*** Raw data ***

lemma carry_bit:
  assumes "concise_binary_expansion (x + y) zb"
    and "concise_binary_expansion x xb" "concise_binary_expansion y yb"
  shows "carry zb xb yb n \<in> {0, 1}"
proof -
  have "carry zb xb yb n = \<lfloor>2 ^ n * x + 2 ^ n * y\<rfloor> - \<lfloor>2 ^ n * x\<rfloor> - \<lfloor>2 ^ n * y\<rfloor>"
    unfolding carry_def concise_binary_expansion_prefix[OF assms(1)]
      concise_binary_expansion_prefix[OF assms(2)] concise_binary_expansion_prefix[OF assms(3)]
    by (simp add: distrib_left)
  then show ?thesis
    by (simp add: floor_add)
qed

locale carry_chain =
  fixes z x y :: "nat \<Rightarrow> nat" and c :: "nat \<Rightarrow> int"
  assumes x_bit: "x n \<in> {0, 1}" and y_bit: "y n \<in> {0, 1}" and c_bit: "c n \<in> {0, 1}"
    and c_0: "int (z 0) = int (x 0) + int (y 0) + c 0"
    and c_Suc: "int (z (Suc n)) + 2 * c n = int (x (Suc n)) + int (y (Suc n)) + c (Suc n)"
begin

lemma incoming_carry: "\<exists>e\<in>{0, 1}. int (z n) + 2 * e = int (x n) + int (y n) + c n"
proof (cases n)
  case 0
  then show ?thesis
    using c_0 by force
next
  case (Suc m)
  then show ?thesis
    using c_Suc[of m] c_bit[of m] by blast
qed

lemma digit_one_with_carry: "z n = 1 \<Longrightarrow> c n = 1 \<Longrightarrow> (x n, y n) \<in> {(0, 0), (1, 1)}"
  using incoming_carry[of n] x_bit[of n] y_bit[of n] by auto

lemma digit_one_without_carry: "z n = 1 \<Longrightarrow> c n = 0 \<Longrightarrow> (x n, y n) \<in> {(0, 1), (1, 0)}"
  using incoming_carry[of n] x_bit[of n] y_bit[of n] by auto

lemma digit_one_carry_out: "z (Suc n) = 1 \<Longrightarrow> c n = 1 \<Longrightarrow> (x (Suc n), y (Suc n)) = (1, 1)"
  using c_Suc[of n] x_bit[of "Suc n"] y_bit[of "Suc n"] c_bit[of "Suc n"] by auto

lemma digit_one_no_carry_out:
  "z (Suc n) = 1 \<Longrightarrow> c n = 0 \<Longrightarrow> (x (Suc n), y (Suc n)) \<in> {(0, 0), (0, 1), (1, 0)}"
  using c_Suc[of n] x_bit[of "Suc n"] y_bit[of "Suc n"] c_bit[of "Suc n"] by auto

lemma digit_zero_propagates_carry:
  "z (Suc n) = 0 \<Longrightarrow> c (Suc n) = 1 \<Longrightarrow> c n = 1 \<and> (x (Suc n), y (Suc n)) \<in> {(0, 1), (1, 0)}"
  using c_Suc[of n] x_bit[of "Suc n"] y_bit[of "Suc n"] c_bit[of n] by auto

lemma digit_zero_generates_carry:
  "z (Suc n) = 0 \<Longrightarrow> c (Suc n) = 0 \<Longrightarrow> c n = 1 \<Longrightarrow> (x (Suc n), y (Suc n)) = (1, 1)"
  using c_Suc[of n] x_bit[of "Suc n"] y_bit[of "Suc n"] by auto

lemma digit_zero_without_carry:
  "z (Suc n) = 0 \<Longrightarrow> c (Suc n) = 0 \<Longrightarrow> c n = 0 \<Longrightarrow> (x (Suc n), y (Suc n)) = (0, 0)"
  using c_Suc[of n] x_bit[of "Suc n"] y_bit[of "Suc n"] by auto

lemma zero_run_carry:
  assumes carry: "c b = 1" and zeros: "\<forall>j. a < j \<and> j \<le> b \<longrightarrow> z j = 0"
    and "a \<le> j" "j \<le> b"
  shows "c j = 1"
  using \<open>j \<le> b\<close>
proof (induction j rule: inc_induct)
  case base
  show ?case
    using carry .
next
  case (step n)
  then show ?case
    using digit_zero_propagates_carry[of n] zeros \<open>a \<le> j\<close> by simp
qed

*** End of Raw data ***

What needs to be done: Isolate the lines above that contain the word "proof" and copy them.

Written reply:
proof -
proof (cases n)
proof (induction j rule: inc_induct)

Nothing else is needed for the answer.